谌衡不是第一次来她公寓,半年多以前也来过一次,但是只是送她上了楼,连一只脚都没迈进来,更别提坐在这儿喝水了。
南舒的公寓是刚回国的时候租下的,签了一年的合同,价格不高不低,还算凑合。
虽然面积比不得他在国贸里的那一间拥有几个卧室的公寓,但对于一个女生来说,足矣。
谌衡见她沙发上摆着一本书,拿起来翻了几页,是法文的语法书。
南舒本科读的不是法语,法语对于她来说只是处于及格线的水准,不高不低的,却也够用了,没想到她还在学。
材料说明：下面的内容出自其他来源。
lemma exp_decay_if_derivative_le:
  fixes V V' :: "real \<Rightarrow> real"
  assumes deriv: "\<And>t. t \<ge> 0 \<Longrightarrow> (V has_real_derivative V' t) (at t within {0..})"
    and dissipation: "\<And>t. t \<ge> 0 \<Longrightarrow> V' t \<le> - \<mu> * V t"
    and "t \<ge> 0"
  shows "V t \<le> V 0 * exp (- \<mu> * t)"
proof -
  have "V t * exp (\<mu> * t) \<le> V 0 * exp (\<mu> * 0)"
  proof (rule antimono_if_derivative_nonpos[where f = "\<lambda>t. V t * exp (\<mu> * t)"])
    show "((\<lambda>t. V t * exp (\<mu> * t)) has_real_derivative (V' s + \<mu> * V s) * exp (\<mu> * s))
        (at s within {0..})" if "s \<ge> 0" for s
      by (auto intro!: derivative_eq_intros deriv that simp: algebra_simps)
    show "(V' s + \<mu> * V s) * exp (\<mu> * s) \<le> 0" if "s \<ge> 0" for s
      using dissipation[OF that] by (simp add: mult_nonpos_nonneg)
  qed (use \<open>t \<ge> 0\<close> in auto)
  then have "V t * exp (\<mu> * t) * exp (- \<mu> * t) \<le> V 0 * exp (- \<mu> * t)"
    by (intro mult_right_mono) auto
  then show ?thesis by (simp add: mult.assoc flip: exp_add)
qed

lemma exp_decay_if_norm_squared_decays:
  fixes f :: "real \<Rightarrow> 'a::real_normed_vector"
  assumes "\<mu> > 0" "A \<ge> 0" and bound: "\<And>t. t \<ge> 0 \<Longrightarrow> (norm (f t))\<^sup>2 \<le> A * exp (- \<mu> * t)"
  shows "\<exists>C>0. \<exists>r>0. \<forall>t\<ge>0. norm (f t) \<le> C * exp (- r * t)"
proof (intro exI conjI allI impI)
  fix t :: real assume "t \<ge> 0"
  have "(norm (f t))\<^sup>2 \<le> (sqrt A)\<^sup>2 * exp (- \<mu> * t)"
    using bound[OF \<open>t \<ge> 0\<close>] \<open>A \<ge> 0\<close> by simp
  also have "\<dots> \<le> (sqrt A + 1)\<^sup>2 * exp (- \<mu> * t)"
    using \<open>A \<ge> 0\<close> by (intro mult_right_mono power_mono) auto
  also have "\<dots> = ((sqrt A + 1) * exp (- (\<mu> / 2) * t))\<^sup>2"
    by (simp add: power_mult_distrib flip: exp_double)
  finally show "norm (f t) \<le> (sqrt A + 1) * exp (- (\<mu> / 2) * t)"
    by (rule power2_le_imp_le) (simp add: \<open>A \<ge> 0\<close>)
qed (use assms in \<open>auto intro: add_nonneg_pos\<close>)

lemma square_diff_le: "((p::real) - q)\<^sup>2 \<le> 2 * p\<^sup>2 + 2 * q\<^sup>2"
proof -
  have "2 * p\<^sup>2 + 2 * q\<^sup>2 - (p - q)\<^sup>2 = (p + q)\<^sup>2"
    by (simp add: power2_eq_square algebra_simps)
  then show ?thesis using zero_le_power2[of "p + q"] by linarith
qed

lemma quadratic_form_ge_half_diagonal:
  fixes \<beta> y p :: real
  assumes "0 \<le> \<beta>" "\<beta> \<le> 1"
  shows "y\<^sup>2 / 2 + \<beta> * p\<^sup>2 / 2 \<le> y\<^sup>2 + \<beta> * p * y + \<beta> * p\<^sup>2"
proof -
  have "y\<^sup>2 + \<beta> * p * y + \<beta> * p\<^sup>2 - (y\<^sup>2 / 2 + \<beta> * p\<^sup>2 / 2) =
      (y + \<beta> * p)\<^sup>2 / 2 + \<beta> * (1 - \<beta>) * p\<^sup>2 / 2"
    by (simp add: power2_eq_square field_simps)
  also have "\<dots> \<ge> 0" using assms by simp
  finally show ?thesis by simp
qed
(* Let $(r_1,s_1),(r_2,s_2)$ be pairs of integers with $(r_1,s_1)\not\equiv(0,0)$, $(r_2,s_2)\not\equiv(0,0)$ and $(r_1,s_1)\not\equiv\pm(r_2,s_2)\bmod N$, and put $W(\tau;r_1,s_1,r_2,s_2)=\dfrac{E(\tau;r_1,s_1)-E(\tau;r_2,s_2)}{E(\tau;r_1,-s_1)-E(\tau;r_2,-s_2)}$. Assume $\{r_2\}\ge\{r_1\}$. Then the leading coefficient $c$ of the $q$-expansion of $W(\tau;r_1,s_1,r_2,s_2)$ is $c=-\zeta^{\mu(r_1)s_1+\mu(r_2)s_2}$ if $\{r_2\}=\{r_1\}\notin\{0,N/2\}$; $c=\zeta^{2\mu(r_1)s_1}$ if $\{r_2\}>\{r_1\}\neq0$; and $c=1$ otherwise.
   Context: Fix an integer $N>2$, $\zeta=e^{2\pi i/N}$, $q=e^{2\pi i\tau/N}$. For an integer $x$, $\{x\}$ is the integer with $0\le\{x\}\le N/2$ and $x\equiv\pm\{x\}\bmod N$; $\mu(x)=1$ if $x\equiv 0$ or $N/2\bmod N$, and otherwise $\mu(x)\in\{\pm1\}$ is defined by $x\equiv\mu(x)\{x\}\bmod N$. For integers $(r,s)\not\equiv(0,0)\bmod N$, $E(\tau;r,s)=(2\pi i)^{-2}\wp((r\tau+s)/N;L_\tau)-1/12$, where $\wp(\cdot;L_\tau)$ is the Weierstrass $\wp$-function of the lattice $L_\tau=\mathbb Z+\mathbb Z\tau$, $\tau\in\mathbb H$. *)

theory Defs
  imports "HOL-Analysis.Analysis"
begin

definition wp :: "complex \<Rightarrow> complex \<Rightarrow> complex" where
  "wp tau z = 1 / z\<^sup>2 +
     (\<Sum>\<^sub>\<infinity>(m, n) \<in> (UNIV :: (int \<times> int) set) - {(0, 0)}.
        1 / (z - (of_int m + of_int n * tau))\<^sup>2 - 1 / (of_int m + of_int n * tau)\<^sup>2)"

definition Efun :: "int \<Rightarrow> complex \<Rightarrow> int \<Rightarrow> int \<Rightarrow> complex" where
  "Efun N tau r s = wp tau ((of_int r * tau + of_int s) / of_int N) / (2 * pi * \<i>)\<^sup>2 - 1 / 12"

definition Wfun :: "int \<Rightarrow> complex \<Rightarrow> int \<Rightarrow> int \<Rightarrow> int \<Rightarrow> int \<Rightarrow> complex" where
  "Wfun N tau r1 s1 r2 s2 =
     (Efun N tau r1 s1 - Efun N tau r2 s2) / (Efun N tau r1 (- s1) - Efun N tau r2 (- s2))"

definition zeta :: "int \<Rightarrow> complex" where
  "zeta N = exp (2 * pi * \<i> / of_int N)"

definition qpar :: "int \<Rightarrow> complex \<Rightarrow> complex" where
  "qpar N tau = exp (2 * pi * \<i> * tau / of_int N)"

text \<open>{x}: the integer in [0, N/2] with x = +-{x} mod N.\<close>
definition brace :: "int \<Rightarrow> int \<Rightarrow> int" where
  "brace N x = (if 2 * (x mod N) \<le> N then x mod N else N - x mod N)"

definition mu :: "int \<Rightarrow> int \<Rightarrow> int" where
  "mu N x = (if x mod N = 0 \<or> 2 * (x mod N) = N then 1
             else if 2 * (x mod N) < N then 1 else -1)"

text \<open>c is the leading coefficient of the q-expansion of f: f(tau) / q^k tends
  to c as Im tau tends to infinity, for some integer k.\<close>
definition leading_coeff_q :: "int \<Rightarrow> (complex \<Rightarrow> complex) \<Rightarrow> complex \<Rightarrow> bool" where
  "leading_coeff_q N f c \<longleftrightarrow> c \<noteq> 0 \<and>
     (\<exists>k::int. ((\<lambda>tau. f tau / qpar N tau powi k) \<longlongrightarrow> c) (filtercomap Im at_top))"

end

theory Submission
  imports Defs
begin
“怎么了?”南舒换了身舒适点的衣服走出来,“看见你的下属这么认真是不是很感动?”
谌衡语调平平地开口:“作为上司,肯定感动。作为男友,就有点心疼了。”
“你心疼什么?”南舒寡淡道,“这是我自己的事业,不是为了谁谁谁而努力的,是为了我自己。”
“我知道。”他阖上那本书,又喝了口水,突然认真了起来,“南舒,不如你搬过来住吧?”
搬去哪儿?
南舒很快明白,却也立刻拒绝:“我不要。”
她觉得还没到时候。
谌衡也不介意,望着她,退了一步说:“那我搬过来。”
南舒发现他就是在瞎说,抱着沙发上的抱枕,哼了一声:“我不跟你睡,那你睡哪儿?”
“地板。”
“得了吧。”南舒才不信,“这冬天很快就要到了,你要睡地板,过几年哪哪关节疼我可不管。”
时间渐晚。
南舒瞄了眼墙上的壁钟,开始下逐客令:“好了,时间不早了,你快回去吧。”
她正好也困了,准备睡觉。
谌衡果真起了身,南舒还以为他会耍赖几分钟,没想到还真要走了。
只是在临走前,低沉淡然地又将刚刚的话复述了一遍:“南舒,我没有开玩笑,你要是想搬过来,就跟我说一声。”
南舒点了点头,态度敷衍又随意。
只是,她没想到的是,谌衡刚提完要不要搬过去跟他一起住的事儿后,不到一个月南舒就收到了房东的消息。
房东:【南小姐,下个月我们的合约就到期了。是这样的,我有些事情想跟你谈谈。】
这会儿正好干完了一天的活儿,距离下班还有十五分钟左右的时间,南舒就坐在工位上跟房东聊天。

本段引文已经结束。